Chabon continued, noting that this is an idea the franchise has dabbled with before—especially with factions like the Maquis, a fringe group born out of the Federation’s lack of support for humans living in former Cardassian territory in Deep Space Nine. “What is life like for people who, for whatever reason, live beyond the benevolent boundaries of the Federation—where, for example, post-scarcity is a dream, and there is a monetary economy? Again, there is precedent for this kind of story on Trek, but the fact that our story only resolves over 10 episodes, not one, or two, or four out of a season of 23, might make it feel, sometimes, that there is more darkness, more trauma in our characters’ lives. More *struggle.* This show unquestionably has darker tonalities than some others (DS9 is the standout exception). It lives more in the shadows, where the Federation’s light can’t always reach. That isn’t to condemn, criticize, undo, break or, god knows, betray the Federation or Gene Roddenberry’s vision. Shadow defines light.”

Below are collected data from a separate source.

lemma card_faces_le_edges_avoiding:
  assumes "independent_set E I"
  shows "card (faces V E pos arc_of) \<le> 2 * card {e \<in> E. e \<inter> I = {}}"
proof -
  let ?A = "{e \<in> E. e \<inter> I = {}}"
  have one_le: "1 \<le> card {e \<in> ?A. e \<in> boundary_edges F}" if F: "F \<in> faces V E pos arc_of" for F
  proof -
    obtain a b c where t: "bounded_by_triangle F a b c"
      using triangular_faces[OF F] by blast
    then have "{a, b} \<in> E" "{b, c} \<in> E" "{a, c} \<in> E"
      unfolding bounded_by_triangle_def by auto
    then have "{a, b} \<in> ?A \<or> {b, c} \<in> ?A \<or> {a, c} \<in> ?A"
      using assms unfolding independent_set_def adjacent_def by auto
    then have "{e \<in> ?A. e \<in> boundary_edges F} \<noteq> {}"
      unfolding boundary_edges_triangle[OF t] by blast
    moreover have "finite {e \<in> ?A. e \<in> boundary_edges F}"
      using finite_edges by simp
    ultimately show ?thesis
      by (simp add: Suc_le_eq card_gt_0_iff)
  qed
  have "card (faces V E pos arc_of) = (\<Sum>F\<in>faces V E pos arc_of. 1)"
    by (rule card_eq_sum)
  also have "\<dots> \<le> (\<Sum>F\<in>faces V E pos arc_of. card {e \<in> ?A. e \<in> boundary_edges F})"
    by (intro sum_mono one_le)
  also have "\<dots> \<le> 2 * card ?A"
    by (rule sum_boundary_edges_le) blast
  finally show ?thesis .
qed

lemma euler_triangulation: "card E + 2 \<le> card (faces V E pos arc_of) + card V"
proof -
  obtain K where K: "K \<subseteq> faces V E pos arc_of" "finite K"
    "card E + card (graph_components V E) + 1 \<le> card K + card V"
    using euler_inequality[of E] unfolding faces_def by blast
  have "card K \<le> card (faces V E pos arc_of)"
    using K(1) finite_faces by (rule card_mono[rotated])
  moreover obtain F where "F \<in> faces V E pos arc_of"
    using components_Compl_compact_nonempty[OF compact_drawing[of E]] unfolding faces_def by blast
  then obtain a b c where "bounded_by_triangle F a b c"
    using triangular_faces by blast
  then have "V \<noteq> {}"
    unfolding bounded_by_triangle_def using edge_vertices by blast
  then have "1 \<le> card (graph_components V E)"
    using finite_vertices unfolding graph_components_def by (simp add: Suc_le_eq card_gt_0_iff)
  ultimately show ?thesis
    using K(3) by linarith
qed

end

lemma triangulation_plane_triangulation:
  assumes "triangulation V E"
  obtains pos arc_of where "plane_triangulation V E pos arc_of"
proof -
  obtain pos arc_of where plane: "plane_graph V E pos arc_of"
    and triangles: "\<forall>F\<in>faces V E pos arc_of. \<exists>a b c. a \<noteq> b \<and> b \<noteq> c \<and> a \<noteq> c \<and>
      {a, b} \<in> E \<and> {b, c} \<in> E \<and> {a, c} \<in> E \<and>
      frontier F = path_image (arc_of {a, b}) \<union> path_image (arc_of {b, c}) \<union> path_image (arc_of {a, c})"
    using assms unfolding triangulation_def plane_graph_def by blast
  interpret plane_graph V E pos arc_of
    by (rule plane)
  have "plane_triangulation V E pos arc_of"
    using triangles by unfold_locales (simp add: bounded_by_triangle_def)
  then show ?thesis
    by (rule that)
qed

theorem mainTheorem2:
  fixes V :: "'a set" and E :: "'a set set" and I :: "'a set"
  assumes "triangulation V E"
    and "I \<subseteq> V"
    and "independent_set E I"
    and "\<forall>v\<in>I. degree V E v \<ge> 6"
  shows "real (card I) \<le> (real (card V) - 2) / 3"
proof -
  obtain pos arc_of where "plane_triangulation V E pos arc_of"
    using triangulation_plane_triangulation[OF assms(1)] .
  then interpret plane_triangulation V E pos arc_of .
  have "card E = card {e \<in> E. e \<inter> I \<noteq> {}} + card {e \<in> E. e \<inter> I = {}}"
    using finite_edges by (subst card_Un_disjoint[symmetric]) (auto intro: arg_cong[where f = card])
  moreover have "6 * card I \<le> card {e \<in> E. e \<inter> I \<noteq> {}}"
    using card_edges_meeting_independent_set[OF simple assms(2-4)] .
  moreover note euler_triangulation three_card_faces_le card_faces_le_edges_avoiding[OF assms(3)]
  ultimately have "real (3 * card I + 2) \<le> real (card V)"
    by linarith
  then show ?thesis
    by simp
qed

end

Ultimately for Chabon, he hopes that what Trek fans take from Picard is a new way to embolden the light that defines the series’ future utopia—and an acceptance that Star Trek must always try different things to examine its oldest fundamentals. “Every new Trek series since TNG has sought to escape what can feel like the confines of previous series, not simply of canon (which can also be a strangely liberating force) but of the kinds of stories, about the kinds of characters and societies, that have already been told,” Chabon wrote. “Each new series has expressed this impulse to ‘light out for the territories’ in a different way. TNG went a century into the future of TOS. DS9 went onto a station full of aliens that was both beyond the edge of the Federation and next to a wormhole that led to the Gamma Quadrant. VOY put 70k light-years between it and its predecessors, and introduced a raft of new species and worlds. ENT went deep into the early past of the Federation. Next season’s DIS goes to the Trek universe’s far-future.”
“The space we found for Picard is not ‘dark Federation,’” Chabon concluded. “It’s one of people who live and work at or beyond the margins of the Federation who travel beyond its boundaries to find the truth.”